Race, Class and ReligionRace, Racism, and the Middle Ages

Where Do the “White Middle Ages” Come From?

The Pilgrimage to Canterbury 1806-7 Thomas Stothard 1755-1834 Purchased 1884 http://www.tate.org.uk/art/work/N01163

This is Part XI of The Public Medievalist’s continuing series on Race, Racism and the Middle Ages, by Dr. Helen Young. Her book Race and Popular Fantasy Literature: Habits of Whiteness, is available from Amazon and direct from Routledge.

Go back to the beginning of the series here.


As this series has been exploring, the idea of a “white, racially pure Middle Ages” has been used for political ends by right-wing extremists throughout the twentieth and twenty-first centuries. But it is not only extremists who believe in it. There is evidence to show that many (perhaps most) people get their ideas about the Middle Ages from popular culture rather than from school or books written by scholars – and popular cultural re-imaginings of the European Middle Ages almost exclusively feature characters who are white.
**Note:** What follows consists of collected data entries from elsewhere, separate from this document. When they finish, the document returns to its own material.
(* Let $\Sigma=\{1,\square,h,s,t\}$ and let $Z$ be the string rewriting system over $\Sigma$ with the seven rules $h11\to 1h$, $11h\square \to 11s\square$, $1s\to s1$, $\square s\to \square h$, $h1\square \to t11\square$, $1t\to t111$, $\square t\to\square h$. There is no dimension $d\geq 1$ and no family of affine maps $[\sigma](x)=M_\sigma x+v_\sigma$ ($\sigma\in\Sigma$, $M_\sigma\in\mathbb{N}^{d\times d}$, $v_\sigma\in\mathbb{N}^d$) such that every $[\sigma]$ is strictly monotone with respect to $>$ (i.e. $x>y$ implies $[\sigma](x)>[\sigma](y)$), for at least one rule $\ell\to r$ of $Z$ we have $[\ell](x)>[r](x)$ for all $x\in\mathbb{N}^d$, and for every remaining rule $\ell'\to r'$ of $Z$ we have $[\ell'](x)\gtrsim[r'](x)$ for all $x\in\mathbb{N}^d$.
   Context: Strings are finite words over $\Sigma$; the interpretation is extended to strings by $[s_1 s_2\cdots s_n]=[s_1]\circ[s_2]\circ\cdots\circ[s_n]$ (the empty string being the identity). On $\mathbb{N}^d$: $x>y$ iff $x_1>y_1$ and $x_i\geq y_i$ for all $i\in\{2,\dots,d\}$; $x\gtrsim y$ iff $x_i\geq y_i$ for all $i$. *)

theory Defs
  imports Main
begin

datatype sym = One | Box | H | S | T

text \<open>Vectors in N^d are represented as functions nat => nat, only indices < d matter.
  Index 0 plays the role of the first coordinate x_1.\<close>

definition gtv :: "nat \<Rightarrow> (nat \<Rightarrow> nat) \<Rightarrow> (nat \<Rightarrow> nat) \<Rightarrow> bool" where
  "gtv d x y \<longleftrightarrow> x 0 > y 0 \<and> (\<forall>i. 1 \<le> i \<and> i < d \<longrightarrow> x i \<ge> y i)"

definition gev :: "nat \<Rightarrow> (nat \<Rightarrow> nat) \<Rightarrow> (nat \<Rightarrow> nat) \<Rightarrow> bool" where
  "gev d x y \<longleftrightarrow> (\<forall>i<d. x i \<ge> y i)"

definition aff :: "nat \<Rightarrow> (nat \<Rightarrow> nat \<Rightarrow> nat) \<Rightarrow> (nat \<Rightarrow> nat) \<Rightarrow> (nat \<Rightarrow> nat) \<Rightarrow> (nat \<Rightarrow> nat)" where
  "aff d M v x = (\<lambda>i. if i < d then (\<Sum>j<d. M i j * x j) + v i else 0)"

definition interp :: "nat \<Rightarrow> (sym \<Rightarrow> nat \<Rightarrow> nat \<Rightarrow> nat) \<Rightarrow> (sym \<Rightarrow> nat \<Rightarrow> nat)
    \<Rightarrow> sym list \<Rightarrow> (nat \<Rightarrow> nat) \<Rightarrow> (nat \<Rightarrow> nat)" where
  "interp d M v w = foldr (\<lambda>\<sigma> f. aff d (M \<sigma>) (v \<sigma>) \<circ> f) w id"

definition Z :: "(sym list \<times> sym list) list" where
  "Z = [ ([H, One, One], [One, H]),
         ([One, One, H, Box], [One, One, S, Box]),
         ([One, S], [S, One]),
         ([Box, S], [Box, H]),
         ([H, One, Box], [T, One, One, Box]),
         ([One, T], [T, One, One, One]),
         ([Box, T], [Box, H]) ]"

end

theory Submission
  imports Defs Complex_Main
begin

(* Write W n for the word \<box>h1\<^sup>n\<box>. The rules 1-4 rewrite W (2k) to W k for k \<ge> 2 (h halves
   the block of ones on its way right, s walks back), and the rules 1, 5, 6, 7 rewrite W (2k+1)
   to W (3k+2) for k \<ge> 1 (t triples the ones on its way back). Hence the derivation
   W (8j+6) \<rightarrow> W (4j+3) \<rightarrow> W (6j+5) \<rightarrow> W (9j+8) uses every rule of Z, and any interpretation as
   in the statement strictly decreases along it. On the other hand the iterates of the affine
   map [1] have natural coefficients, so by Dickson's lemma two of them, n\<^sub>0 < n\<^sub>0 + p, are
   coefficientwise ordered; then [1^(n+kp)] \<gtrsim> [1^n] for all n \<ge> n\<^sub>0, and choosing j + 2 a large
   multiple of p gives [W (9j+8)] \<gtrsim> [W (8j+6)], contradicting the strict decrease in the first
   coordinate. *)

lemma interp_Nil [simp]: "interp d M v [] = id"
  by (simp add: interp_def)

lemma interp_Cons [simp]: "interp d M v (\<sigma> # w) = aff d (M \<sigma>) (v \<sigma>) \<circ> interp d M v w"
  by (simp add: interp_def)

lemma interp_append: "interp d M v (u @ w) = interp d M v u \<circ> interp d M v w"
  by (induction u) auto

lemma interp_replicate: "interp d M v (replicate n \<sigma>) = aff d (M \<sigma>) (v \<sigma>) ^^ n"
  by (induction n) auto

lemma gev_refl: "gev d x x"
  by (simp add: gev_def)

lemma gev_trans: "gev d x y \<Longrightarrow> gev d y z \<Longrightarrow> gev d x z"
  unfolding gev_def using le_trans by blast

lemma gtv_imp_gev: "gtv d x y \<Longrightarrow> gev d x y"
  unfolding gtv_def gev_def by (metis less_imp_le_nat less_one not_le)

lemma gtv_gev_trans: "1 \<le> d \<Longrightarrow> gtv d x y \<Longrightarrow> gev d y z \<Longrightarrow> gtv d x z"
  unfolding gtv_def gev_def by (fastforce intro: le_trans less_le_trans)

lemma gev_gtv_trans: "1 \<le> d \<Longrightarrow> gev d x y \<Longrightarrow> gtv d y z \<Longrightarrow> gtv d x z"
  unfolding gtv_def gev_def by (fastforce intro: le_trans le_less_trans)

lemma gtv_not_gev: "1 \<le> d \<Longrightarrow> gtv d x y \<Longrightarrow> \<not> gev d y x"
  unfolding gtv_def gev_def by (auto intro!: exI[of _ 0])

lemma aff_mono: "gev d x y \<Longrightarrow> gev d (aff d A c x) (aff d A c y)"
  unfolding gev_def aff_def by (auto intro!: sum_mono mult_left_mono)

lemma interp_mono: "gev d x y \<Longrightarrow> gev d (interp d M v u x) (interp d M v u y)"
  by (induction u) (auto intro: aff_mono)

lemma interp_strict_mono:
  assumes "\<And>\<sigma> x y. gtv d x y \<Longrightarrow> gtv d (aff d (M \<sigma>) (v \<sigma>) x) (aff d (M \<sigma>) (v \<sigma>) y)"
  shows "gtv d x y \<Longrightarrow> gtv d (interp d M v u x) (interp d M v u y)"
  using assms by (induction u) auto
(* Let $S$ be a finite set of more than $6$ points in the plane in general position with distinct $x$-coordinates. Let $L$, $R$, $T$ be respectively the leftmost, rightmost and topmost points of $S$. Let $p\in S$, and let $r\in S\setminus\{p\}$ (the clockwise neighbor of $p$) be the point minimizing the clockwise angle from the upward vertical ray at $p$ to the ray $\overrightarrow{pr}$, and $q\in S\setminus\{p\}$ (the counterclockwise neighbor of $p$) the point minimizing the counterclockwise angle from the upward vertical ray at $p$ to the ray $\overrightarrow{pq}$. If either of the point sequences $[L,q,p,r,T,R]$ or $[T,q,p,r,R,L]$ is a convex chain, then $p$ is a vertex of the upper hull of $S$.
   Context: A sequence of points is a convex chain if every three consecutive points of the sequence make a right (clockwise) turn. The upper hull of $S$ is the part of the boundary of the convex hull of $S$ lying on or above the segment from the leftmost to the rightmost point. *)

theory Defs
  imports "HOL-Analysis.Analysis"
begin

type_synonym pt = "real \<times> real"

text \<open>Orientation (twice the signed area); negative means a right (clockwise) turn.\<close>
definition orient :: "pt \<Rightarrow> pt \<Rightarrow> pt \<Rightarrow> real" where
  "orient a b c = (fst b - fst a) * (snd c - snd a) - (snd b - snd a) * (fst c - fst a)"

definition right_turn :: "pt \<Rightarrow> pt \<Rightarrow> pt \<Rightarrow> bool" where
  "right_turn a b c \<longleftrightarrow> orient a b c < 0"

definition convex_chain :: "pt list \<Rightarrow> bool" where
  "convex_chain xs \<longleftrightarrow> (\<forall>i. i + 2 < length xs \<longrightarrow> right_turn (xs ! i) (xs ! (i+1)) (xs ! (i+2)))"

definition general_position :: "pt set \<Rightarrow> bool" where
  "general_position S \<longleftrightarrow>
     (\<forall>a\<in>S. \<forall>b\<in>S. \<forall>c\<in>S. a \<noteq> b \<and> b \<noteq> c \<and> a \<noteq> c \<longrightarrow> orient a b c \<noteq> 0)"

definition norm_angle :: "real \<Rightarrow> real" where
  "norm_angle t = (if t < 0 then t + 2 * pi else t)"

definition vec_c :: "pt \<Rightarrow> pt \<Rightarrow> complex" where
  "vec_c p r = Complex (fst r - fst p) (snd r - snd p)"

text \<open>Clockwise angle in [0,2pi) from the upward vertical ray at p to the ray p->r.\<close>
definition cw_angle :: "pt \<Rightarrow> pt \<Rightarrow> real" where
  "cw_angle p r = norm_angle (Arg (\<i> / vec_c p r))"

text \<open>Counterclockwise angle in [0,2pi) from the upward vertical ray at p to the ray p->q.\<close>
definition ccw_angle :: "pt \<Rightarrow> pt \<Rightarrow> real" where
  "ccw_angle p q = norm_angle (Arg (vec_c p q / \<i>))"

text \<open>p is a vertex of the upper hull: an extreme point of conv S lying on or above segment LR.\<close>
definition upper_hull_vertex :: "pt set \<Rightarrow> pt \<Rightarrow> pt \<Rightarrow> pt \<Rightarrow> bool" where
  "upper_hull_vertex S L R p \<longleftrightarrow> p extreme_point_of (convex hull S) \<and> orient L R p \<ge> 0"

end

theory Submission
  imports Defs
begin

text \<open>
  The convex chain forces a right turn \<open>q, p, r\<close>. By the choice of \<open>q\<close> and \<open>r\<close> as the angular
  neighbours of \<open>p\<close>, every other point of \<open>S\<close> lies in the closed angular sector at \<open>p\<close>
  swept counterclockwise from \<open>pq\<close> to \<open>pr\<close>, and the right turn makes this sector narrower
  than a half-plane. A line through \<open>p\<close> parallel to \<open>qr\<close> therefore separates \<open>p\<close> from the
  remaining points, so \<open>p\<close> is extreme. Since \<open>L\<close> lies to the left and \<open>R\<close> to the right of
  \<open>p\<close>, both lie in this sector, which puts \<open>p\<close> on or above the segment \<open>LR\<close>.
\<close>

lemma orient_rotate: "orient a b c = orient b c a"
  unfolding orient_def by (simp add: algebra_simps)

lemma right_turn_iff_orient_pos: "right_turn a b c \<longleftrightarrow> orient b a c > 0"
  unfolding right_turn_def orient_def by (auto simp: algebra_simps)

lemma orient_add_eq_inner:
  "orient p q x + orient p x r = inner (snd r - snd q, fst q - fst r) (x - p)"
  unfolding orient_def by (simp add: inner_prod_def algebra_simps)

lemma convex_chain_right_turn:
  "convex_chain xs \<Longrightarrow> i + 2 < length xs \<Longrightarrow> right_turn (xs ! i) (xs ! (i + 1)) (xs ! (i + 2))"
  unfolding convex_chain_def by blast

lemma cmod_vec_c_pos: "s \<noteq> p \<Longrightarrow> cmod (vec_c p s) > 0"
  by (cases s, cases p) (auto simp: vec_c_def complex_eq_iff)

lemma norm_angle_bounded: "- pi < t \<Longrightarrow> t \<le> pi \<Longrightarrow> 0 \<le> norm_angle t \<and> norm_angle t < 2 * pi"
  unfolding norm_angle_def by auto

lemma sin_norm_angle: "sin (norm_angle t) = sin t"
  and cos_norm_angle: "cos (norm_angle t) = cos t"
  unfolding norm_angle_def by (auto simp: sin_add cos_add)

lemma ccw_angle_bounded: "0 \<le> ccw_angle p s \<and> ccw_angle p s < 2 * pi"
  unfolding ccw_angle_def using Arg_bounded norm_angle_bounded by blast

lemma fst_diff_ccw_angle: "fst s - fst p = - cmod (vec_c p s) * sin (ccw_angle p s)"
  and snd_diff_ccw_angle: "snd s - snd p = cmod (vec_c p s) * cos (ccw_angle p s)"
proof -
  define z where "z = vec_c p s / \<i>"
  have "rcis (cmod z) (Arg z) = z"
    by (rule rcis_cmod_Arg)
  then have "Re z = cmod z * cos (Arg z)" "Im z = cmod z * sin (Arg z)"
    by (metis Re_rcis, metis Im_rcis)
  moreover have "cmod z = cmod (vec_c p s)"
    by (simp add: z_def norm_divide norm_mult)
  ultimately show "fst s - fst p = - cmod (vec_c p s) * sin (ccw_angle p s)"
    and "snd s - snd p = cmod (vec_c p s) * cos (ccw_angle p s)"
    unfolding ccw_angle_def sin_norm_angle cos_norm_angle z_def[symmetric]
    by (auto simp: z_def vec_c_def)
qed

lemma cw_angle_eq_ccw_angle:
  "cw_angle p s = (if ccw_angle p s = 0 then 0 else 2 * pi - ccw_angle p s)"
proof -
  define z where "z = vec_c p s / \<i>"
  have "\<i> / vec_c p s = inverse z"
    by (simp add: z_def divide_inverse mult.commute)
  then have cw: "cw_angle p s = norm_angle (if z \<in> \<real> then Arg z else - Arg z)"
    unfolding cw_angle_def by (simp add: Arg_inverse)
  have ccw: "ccw_angle p s = norm_angle (Arg z)"
    unfolding ccw_angle_def z_def ..
  show ?thesis
  proof (cases "z \<in> \<real>")
    case True
    then have "Arg z = 0 \<or> Arg z = pi"
      by (cases "0 \<le> Re z") (simp_all add: Arg_eq_0 Arg_eq_pi complex_is_Real_iff)
    then show ?thesis
      using True cw ccw by (auto simp: norm_angle_def)
  next
    case False
    then have "Arg z \<noteq> 0" "Arg z \<noteq> pi"
      using Arg_eq_0 Arg_eq_pi complex_is_Real_iff by auto
    then show ?thesis
      using False cw ccw Arg_bounded[of z] by (auto simp: norm_angle_def)
  qed
qed

lemma orient_eq_sin_ccw_angle_diff:
  "orient p a b = cmod (vec_c p a) * cmod (vec_c p b) * sin (ccw_angle p b - ccw_angle p a)"
  unfolding orient_def fst_diff_ccw_angle snd_diff_ccw_angle sin_diff
  by (simp add: algebra_simps)

lemma sin_pos_imp_less_pi:
  assumes "0 \<le> x" "x < 2 * pi" "sin x > 0"
  shows "0 < x \<and> x < pi"
proof -
  have "x \<noteq> 0" "\<not> pi \<le> x"
    using assms sin_le_zero[of x] by auto
  then show ?thesis
    using assms(1) by linarith
qed

lemma orient_pos_iff_ccw_angle_diff:
  assumes "a \<noteq> p" "b \<noteq> p" "ccw_angle p a \<le> ccw_angle p b"
  shows "orient p a b > 0 \<longleftrightarrow> 0 < ccw_angle p b - ccw_angle p a \<and> ccw_angle p b - ccw_angle p a < pi"
proof -
  have "cmod (vec_c p a) * cmod (vec_c p b) > 0"
    using cmod_vec_c_pos assms(1,2) by simp
  then have "orient p a b > 0 \<longleftrightarrow> sin (ccw_angle p b - ccw_angle p a) > 0"
    unfolding orient_eq_sin_ccw_angle_diff by (metis mult_pos_pos zero_less_mult_pos)
  moreover have "0 \<le> ccw_angle p b - ccw_angle p a" "ccw_angle p b - ccw_angle p a < 2 * pi"
    using assms(3) ccw_angle_bounded[of p a] ccw_angle_bounded[of p b] by auto
  ultimately show ?thesis
    using sin_pos_imp_less_pi sin_gt_zero by blast
qed

lemma orient_nonneg_if_ccw_angle_diff:
  assumes "0 \<le> ccw_angle p b - ccw_angle p a" "ccw_angle p b - ccw_angle p a < pi"
  shows "orient p a b \<ge> 0"
    and "orient p a b = 0 \<Longrightarrow> a \<noteq> p \<Longrightarrow> b \<noteq> p \<Longrightarrow> ccw_angle p a = ccw_angle p b"
proof -
  have "sin (ccw_angle p b - ccw_angle p a) \<ge> 0"
    using assms by (simp add: sin_ge_zero)
  then show "orient p a b \<ge> 0"
    unfolding orient_eq_sin_ccw_angle_diff by simp
  assume "orient p a b = 0" "a \<noteq> p" "b \<noteq> p"
  then have "sin (ccw_angle p b - ccw_angle p a) = 0"
    using cmod_vec_c_pos unfolding orient_eq_sin_ccw_angle_diff by simp
  then have "ccw_angle p b - ccw_angle p a = 0"
    by (rule sin_eq_0_pi[rotated 2]) (use assms in auto)
  then show "ccw_angle p a = ccw_angle p b"
    by simp
qed

lemma ccw_angle_less_pi_if_left:
  assumes "fst s < fst p"
  shows "ccw_angle p s < pi"
proof -
  have "cmod (vec_c p s) * sin (ccw_angle p s) > 0"
    using fst_diff_ccw_angle[of s p] assms by linarith
  then have "sin (ccw_angle p s) > 0"
    by (simp add: zero_less_mult_iff)
  then show ?thesis
    using sin_pos_imp_less_pi ccw_angle_bounded by blast
qed

lemma ccw_angle_greater_pi_if_right:
  assumes "fst p < fst s"
  shows "pi < ccw_angle p s"
proof -
  have "cmod (vec_c p s) * sin (ccw_angle p s) < 0"
    using fst_diff_ccw_angle[of s p] assms by linarith
  then have "sin (ccw_angle p s) < 0"
    by (simp add: mult_less_0_iff)
  then show ?thesis
    using sin_ge_zero[of "ccw_angle p s"] ccw_angle_bounded[of p s] by (meson not_le)
qed

lemma ccw_angle_sector_of_neighbours:
  assumes "p \<notin> A" and "q \<in> A" and q_min: "\<forall>s\<in>A. ccw_angle p q \<le> ccw_angle p s"
    and "r \<in> A" and r_min: "\<forall>s\<in>A. cw_angle p r \<le> cw_angle p s"
    and "orient p q r > 0"
  shows "0 < ccw_angle p r - ccw_angle p q" and "ccw_angle p r - ccw_angle p q < pi"
    and "\<And>s. s \<in> A \<Longrightarrow> ccw_angle p q \<le> ccw_angle p s \<and> ccw_angle p s \<le> ccw_angle p r"
proof -
  have qr: "ccw_angle p q \<le> ccw_angle p r" and "q \<noteq> p" "r \<noteq> p"
    using assms(1,2,4) q_min by auto
  then show diff: "0 < ccw_angle p r - ccw_angle p q" "ccw_angle p r - ccw_angle p q < pi"
    using orient_pos_iff_ccw_angle_diff \<open>orient p q r > 0\<close> by blast+
  fix s assume "s \<in> A"
  have "ccw_angle p r \<noteq> 0"
    using diff ccw_angle_bounded[of p q] by linarith
  \<comment> \<open>hence \<open>cw_angle p r > 0\<close>, so \<open>ccw_angle p s \<noteq> 0\<close> and both clockwise angles are \<open>2 pi\<close> minus the counterclockwise ones\<close>
  then show "ccw_angle p q \<le> ccw_angle p s \<and> ccw_angle p s \<le> ccw_angle p r"
    using r_min q_min \<open>s \<in> A\<close> ccw_angle_bounded[of p r] cw_angle_eq_ccw_angle[of p r]
      cw_angle_eq_ccw_angle[of p s]
    by (auto split: if_splits)
qed

lemma orient_pos_in_sector:
  assumes "s \<noteq> p" "q \<noteq> p" "r \<noteq> p"
    and "ccw_angle p q \<le> ccw_angle p s" "ccw_angle p s \<le> ccw_angle p r"
    and "0 < ccw_angle p r - ccw_angle p q" "ccw_angle p r - ccw_angle p q < pi"
  shows "orient p q s + orient p s r > 0"
  using orient_nonneg_if_ccw_angle_diff[of p s q] orient_nonneg_if_ccw_angle_diff[of p r s] assms
  by fastforce

lemma extreme_point_of_convex_hull_if_separated:
  fixes S :: "'a::real_inner set"
  assumes "finite S" "p \<in> S" "\<And>s. s \<in> S - {p} \<Longrightarrow> inner a (s - p) > 0"
  shows "p extreme_point_of (convex hull S)"
proof -
  have "convex hull (S - {p}) \<subseteq> {x. inner a p < inner a x}"
    by (rule hull_minimal) (use assms(3) convex_halfspace_gt in \<open>auto simp: inner_diff_right\<close>)
  then have "p \<notin> convex hull (S - {p})"
    by auto
  then show ?thesis
    using extreme_point_of_convex_hull_insert[of "S - {p}" p] assms(1,2)
    by (simp add: insert_absorb)
qed

theorem lemma2:
  fixes S :: "pt set" and L R T p q r :: pt
  assumes "finite S" and "card S > 6"
    and "general_position S"
    and "inj_on fst S"
    and "L \<in> S" and "\<forall>s\<in>S. fst L \<le> fst s"
    and "R \<in> S" and "\<forall>s\<in>S. fst s \<le> fst R"
    and "T \<in> S" and "\<forall>s\<in>S. snd s \<le> snd T"
    and "p \<in> S"
    and "r \<in> S - {p}" and "\<forall>s\<in>S - {p}. cw_angle p r \<le> cw_angle p s"
    and "q \<in> S - {p}" and "\<forall>s\<in>S - {p}. ccw_angle p q \<le> ccw_angle p s"
    and "convex_chain [L, q, p, r, T, R] \<or> convex_chain [T, q, p, r, R, L]"
  shows "upper_hull_vertex S L R p"
proof -
  have "right_turn q p r"
    using assms(16) convex_chain_right_turn[of "[L, q, p, r, T, R]" 1]
      convex_chain_right_turn[of "[T, q, p, r, R, L]" 1]
    by auto
  then have "orient p q r > 0"
    by (simp add: right_turn_iff_orient_pos)
  then have sector: "0 < ccw_angle p r - ccw_angle p q" "ccw_angle p r - ccw_angle p q < pi"
      "\<And>s. s \<in> S - {p} \<Longrightarrow> ccw_angle p q \<le> ccw_angle p s \<and> ccw_angle p s \<le> ccw_angle p r"
    using ccw_angle_sector_of_neighbours[of p "S - {p}" q r, OF _ assms(14,15,12,13)] by simp_all
  have "p extreme_point_of (convex hull S)"
  proof (rule extreme_point_of_convex_hull_if_separated[OF assms(1,11)])
    fix s assume "s \<in> S - {p}"
    then have "orient p q s + orient p s r > 0"
      using orient_pos_in_sector[of s p q r] sector(1,2) sector(3)[of s] assms(12,14) by simp
    then show "inner (snd r - snd q, fst q - fst r) (s - p) > 0"
      by (simp only: orient_add_eq_inner)
  qed
  moreover have "orient L R p \<ge> 0"
  proof (cases "L = p \<or> R = p")
    case True
    then show ?thesis by (auto simp: orient_def)
  next
    case False
    then have "L \<noteq> p" "R \<noteq> p" "L \<in> S - {p}" "R \<in> S - {p}"
      using assms(5,7) by auto
    then have "fst L \<noteq> fst p" "fst R \<noteq> fst p"
      using inj_on_eq_iff[OF assms(4)] assms(5,7,11) by auto
    then have "fst L < fst p" "fst p < fst R"
      using bspec[OF assms(6) assms(11)] bspec[OF assms(8) assms(11)] by linarith+
    then have "ccw_angle p L < pi" "pi < ccw_angle p R"
      using ccw_angle_less_pi_if_left ccw_angle_greater_pi_if_right by auto
    moreover have "ccw_angle p q \<le> ccw_angle p L" "ccw_angle p R \<le> ccw_angle p r"
      using sector(3) \<open>L \<in> S - {p}\<close> \<open>R \<in> S - {p}\<close> by auto
    ultimately have "0 < ccw_angle p R - ccw_angle p L" "ccw_angle p R - ccw_angle p L < pi"
      using sector(2) by linarith+
    then have "orient p L R > 0"
      using orient_pos_iff_ccw_angle_diff[of L p R] \<open>L \<noteq> p\<close> \<open>R \<noteq> p\<close> by simp
    then show ?thesis
      using orient_rotate[of p L R] by simp
  qed
  ultimately show ?thesis
    unfolding upper_hull_vertex_def by blast
qed

end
Even in fantasy versions of the past like Game of Thrones or the Dragon Age video game series, the idea that there were no people of colour in Europe during the Middle Ages is used to explain away a lack of diverse representation.

But where does this notion come from? Where are those images of the medieval past from in the first place? How did the idea of the Middle Ages become so entangled with the idea of a white race? To answer this we need to look back to the era when our current ideas about race and about Middle Ages developed: the eighteenth century.

Making “Race”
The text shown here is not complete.